Una cabra sube por un ascensor al ritmo de una música simple, pero pegadiza a base de kazoos pasados por un sintetizador. Las puertas se abren, y el animal se encuentra con una lujosa fiesta en una terraza, momento ideal para robarle el sombrero al DJ y embestir a la multitud congregada alrededor del escenario, ensartando a un pobre señor de chándal rojo con su jetpack (sí, lleva un jetpack). La gente del público se arrodilla, se esconde, corre para alejarse o directamente cae inconsciente en el suelo, pero la situación se normaliza al cabo de unos segundos: cada uno vuelve al sitio que ocupaba delante de la tarima y sigue bailando, rodeando a la violenta cabra y su pasajero, y al señor del chándal rojo que ha acabado atrapado entre el jetpack y el lomo del animal. Aun así, no todo el mundo ha vuelto a su posición inicial, porque aún hay cuerpos desmayados en el suelo y gente corriendo, dándose de cabezazos contra las paredes invisibles de la terraza. Ellos seguirán ahí durante lo que quede de partida.
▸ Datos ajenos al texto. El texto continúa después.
(* Let $k\ge 2$, let $H_0$ be a finite $k$-uniform hypergraph, let $(H_t)_{t\ge0}$ be the ILTH hypergraphs generated from $H_0$, and for each $t$ let $G(H_t)$ denote the 2-section of $H_t$. A finite graph $G$ admits a homomorphism to $G(H_0)$ if and only if $G$ is isomorphic to an induced subgraph of $G(H_t)$ for some integer $t\ge 0$. In particular, the set of isomorphism types of finite induced subgraphs of the graphs $G(H_t)$, $t\ge0$, is exactly the set of finite graphs admitting a homomorphism to $G(H_0)$.
   Context: A $k$-uniform hypergraph has every hyperedge a $k$-element subset of the vertex set. The ILTH process: given $H_t$, form $H_{t+1}$ by adding for each vertex $x\in V(H_t)$ a new vertex $x'$ (its clone), and taking $E(H_{t+1})=E(H_t)\cup\{(e\setminus\{x\})\cup\{x'\} : e\in E(H_t),\ x\in e\}$. The 2-section of a hypergraph is the graph on the same vertices in which distinct vertices are adjacent iff they lie in a common hyperedge. A homomorphism of graphs is a map on vertices sending edges to edges. *)

theory Defs
  imports Main
begin

definition uniform_hypergraph :: "nat \<Rightarrow> 'v set \<Rightarrow> 'v set set \<Rightarrow> bool" where
  "uniform_hypergraph k V E \<longleftrightarrow> (\<forall>e\<in>E. e \<subseteq> V \<and> finite e \<and> card e = k)"
lemma total_slack_pos:
  assumes "over \<noteq> {}"
  shows "0 < total_slack"
proof -
  obtain i where "i \<in> over"
    using assms by blast
  then have "0 < card (Astar i) - k"
    by (simp add: over_def)
  also have "\<dots> \<le> (\<Sum>i\<in>over. card (Astar i) - k)"
    using \<open>i \<in> over\<close> finite_over by (intro member_le_sum) auto
  finally show ?thesis
    using excess_le_total_slack by linarith
qed

lemma sum_avg_val:
  assumes "0 < total_slack"
  shows "real total_slack * sum avg_val B = (\<Sum>j\<in>under. real (slack j) * util v j B)"
proof -
  have "sum avg_val B = (\<Sum>g\<in>B. \<Sum>j\<in>under. real (slack j) * v j g) / real total_slack"
    unfolding avg_val_def by (rule sum_divide_distrib[symmetric])
  also have "\<dots> = (\<Sum>j\<in>under. real (slack j) * util v j B) / real total_slack"
    by (simp add: util_def sum_distrib_left sum.swap[of _ B])
  finally show ?thesis
    using assms by (simp del: of_nat_sum)
qed

lemma sum_avg_val_le_util:
  assumes "0 < total_slack" "i < n"
  shows "sum avg_val (Astar i) \<le> util v i (Astar i)"
proof -
  have "util v j (Astar i) \<le> util v i (Astar i)" if "j \<in> under" for j
    using that assms(2) util_optimal_owner_value_ge[OF optimal finite_M]
    unfolding util_def by (intro sum_mono) (auto simp: under_def)
  then have "(\<Sum>j\<in>under. real (slack j) * util v j (Astar i)) \<le> real total_slack * util v i (Astar i)"
    by (simp add: sum_distrib_right sum_mono mult_left_mono)
  then have "real total_slack * sum avg_val (Astar i) \<le> real total_slack * util v i (Astar i)"
    by (simp only: sum_avg_val[OF assms(1)])
  with assms(1) show ?thesis
    by (simp del: of_nat_sum)
qed

lemma welfare_bound_avg_val:
  assumes "0 < total_slack"
  shows "(\<Sum>j\<in>under. real (slack j) * welfare_bound (v j)) = real total_slack * welfare_bound avg_val"
proof -
  define a where "a i = real k / real (card (Astar i))" for i
  define C where "C = (\<Sum>i\<in>over. a i * util v i (Astar i))"
  define N where "N = real total_slack"
  have avg: "(\<Sum>j\<in>under. real (slack j) * sum (v j) B) = N * sum avg_val B" for B
    using sum_avg_val[OF assms] by (simp add: util_def N_def)
  have wb: "welfare_bound w = sum w M + C - (\<Sum>i\<in>over. a i * sum w (Astar i))" for w
    by (simp add: welfare_bound_def C_def a_def right_diff_distrib sum_subtractf)
  have "(\<Sum>j\<in>under. real (slack j) * (\<Sum>i\<in>over. a i * sum (v j) (Astar i)))
      = (\<Sum>i\<in>over. a i * (\<Sum>j\<in>under. real (slack j) * sum (v j) (Astar i)))"
    by (simp add: sum_distrib_left sum.swap[of _ under over] mult.left_commute)
  then have "(\<Sum>j\<in>under. real (slack j) * welfare_bound (v j))
      = N * sum avg_val M + N * C - (\<Sum>i\<in>over. a i * (N * sum avg_val (Astar i)))"
    by (simp add: wb avg N_def distrib_left right_diff_distrib sum.distrib sum_subtractf
        sum_distrib_right[symmetric])
  also have "\<dots> = N * welfare_bound avg_val"
    by (simp add: wb right_diff_distrib distrib_left sum_distrib_left mult.left_commute)
  finally show ?thesis
    by (simp add: N_def)
qed
lemma constants:
  shows B0_pos: "B0 > 0" and k0_pos: "k0 > 0" and C0_pos: "C0 > 0" and d_pos: "d > 0"
    and eps_pos: "eps > 0" and eps1: "eps * k0 \<le> C0" and eps2: "2 * eps \<le> B0 * k0"
    and q0: "0 < q0" "q0 \<le> C0 * B0 * k0" "q0 \<le> eps * B0 / 2"
    and L_pos: "L > 0" and L_d: "L * d = cross_coupling C0 B0 k0 eps / q0 + 1"
proof -
  show B0: "B0 > 0" and k0: "k0 > 0" and C0: "C0 > 0" and d: "d > 0"
    unfolding B0_def k0_def C0_def d_def D0_def
    using sbar_less gain G2_pos Dmin_pos Dmin_less Dmax_greater mu_less by auto
  show eps: "eps > 0" unfolding eps_def using B0 k0 C0 by simp
  show "eps * k0 \<le> C0" unfolding eps_def using k0 by (simp add: min_def field_simps)
  show "2 * eps \<le> B0 * k0" unfolding eps_def by simp
  show q0: "0 < q0" "q0 \<le> C0 * B0 * k0" "q0 \<le> eps * B0 / 2"
    unfolding q0_def using B0 k0 C0 eps by auto
  have "cross_coupling C0 B0 k0 eps \<ge> 0" unfolding cross_coupling_def by simp
  then show "L > 0" unfolding L_def using q0 d by (simp add: add_nonneg_pos)
  show "L * d = cross_coupling C0 B0 k0 eps / q0 + 1" unfolding L_def using d by simp
qed

lemma equilibrium: "cl xe = 0"
  using chemostat_cl_unsaturated[of Dmin D0 G1 sbar sbar Dmax] Dmin_less Dmax_greater
  unfolding xe_def B0_def D0_def by (simp add: zero_prod_def)

definition W :: "state \<Rightarrow> real" where
  "W y = (case y of (s, b1, b2, Dh) \<Rightarrow>
     C0*(b2 - B0)\<^sup>2 + B0*(Dh - D0)\<^sup>2 + eps*((b2 - B0)*(Dh - D0)) + L*((s + b1 + b2 - s_in)\<^sup>2 + b1\<^sup>2))"

definition DW :: "state \<Rightarrow> state \<Rightarrow> real" where
  "DW y h = (case y of (s, b1, b2, Dh) \<Rightarrow> case h of (hs, hb1, hb2, hD) \<Rightarrow>
     2*C0*(b2 - B0)*hb2 + 2*B0*(Dh - D0)*hD + eps*(hb2*(Dh - D0) + (b2 - B0)*hD)
     + L*(2*(s + b1 + b2 - s_in)*(hs + hb1 + hb2) + 2*b1*hb1))"

lemma W_has_derivative: "(W has_derivative DW y) (at y)"
  unfolding W_def[abs_def] DW_def case_prod_beta
  by (auto intro!: derivative_eq_intros ext simp: algebra_simps)
(* Grounded semantics is serialisable with the selection function $\alpha_{gr}(X,Y,Z)=X$ and the termination function $\beta_{co}(F,S)=1$ if $\mathrm{IS}^u(F)=\emptyset$ and $\beta_{co}(F,S)=0$ otherwise.
   Context: An abstract argumentation framework (AF) is a pair $F=(A,R)$ with $A$ a finite subset of a fixed universal set of arguments $\mathfrak{A}$ and $R\subseteq A\times A$ ($a\to b$ means $(a,b)\in R$). For $S\subseteq A$: $S^+=\{a\mid \exists b\in S: b\to a\}$, $S^-=\{a\mid\exists b\in S: a\to b\}$; for sets $S,S'$, $S\to S'$ means $S^+\cap S'\neq\emptyset$. $S$ is admissible if it is conflict-free and every attacker of an element of $S$ is attacked by some element of $S$. A complete extension is an admissible set containing every argument it defends; the grounded extension is the inclusion-minimal complete extension, and grounded semantics assigns to $F$ the set containing it. An initial set is a non-empty admissible set with no non-empty admissible proper subset; $\mathrm{IS}(F)$ is the set of initial sets. An initial set $S$ is unattacked if $S^-=\emptyset$; unchallenged if $S^-\neq\emptyset$ and no $S'\in\mathrm{IS}(F)$ has $S'\to S$; challenged if some $S'\in\mathrm{IS}(F)$ has $S'\to S$. Write $\mathrm{IS}^{u}(F),\mathrm{IS}^{uc}(F),\mathrm{IS}^{c}(F)$ for these sets. The reduct is $F^S=(A',R\cap(A'\times A'))$ with $A'=A\setminus(S\cup S^+)$. A selection function $\alpha$ maps any three sets $X,Y,Z$ of sets of arguments to a subset of $X\cup Y\cup Z$; a termination function $\beta$ maps pairs $(F,S)$ to $\{0,1\}$. Transitions: $(F,S)\to(F^{S'},S\cup S')$ whenever $S'\in\alpha(\mathrm{IS}^u(F),\mathrm{IS}^{uc}(F),\mathrm{IS}^c(F))$. $(F,S)\leadsto^{\alpha,\beta}(F',S')$ means $(F',S')$ is reachable from $(F,S)$ in finitely many (possibly zero) transitions and $\beta(F',S')=1$. $\mathcal{E}^{\alpha,\beta}(F)$ is the set of all $S$ with $(F,\emptyset)\leadsto^{\alpha,\beta}(F',S)$ for some $F'$. A semantics $\sigma$ is serialisable with $\alpha,\beta$ if $\sigma(F)=\mathcal{E}^{\alpha,\beta}(F)$ for all AFs $F$. *)

theory Defs
  imports Main
begin

type_synonym 'a af = "'a set \<times> ('a \<times> 'a) set"

definition is_AF :: "'a af \<Rightarrow> bool" where
  "is_AF F \<longleftrightarrow> finite (fst F) \<and> snd F \<subseteq> fst F \<times> fst F"

definition plus_set :: "'a af \<Rightarrow> 'a set \<Rightarrow> 'a set" where
  "plus_set F S = {a. \<exists>b\<in>S. (b, a) \<in> snd F}"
El animal, arrastrando a su maltrecho y progresivamente deforme acompañante, empieza a correr otra vez por la terraza y, en esta ocasión, los perseguidos empiezan a tener convulsiones esporádicas y aleatorias. Serán más los que corran y queden atrapados con la cabeza contra la pared y menos los que se levanten para seguir bailando tras el sobresalto. Pero la cabra se mantiene impasible y se dirige sin prisa hacia unas turbinas un poco apartadas del alboroto. Desde allí, sale propulsada por el aire y, en el momento de suspensión a máxima altitud, los cuerpos del animal y de su acompañante se estiran, desfiguran y se liberan de su forma para convertirse en dos masas de color de naturaleza casi alienígena.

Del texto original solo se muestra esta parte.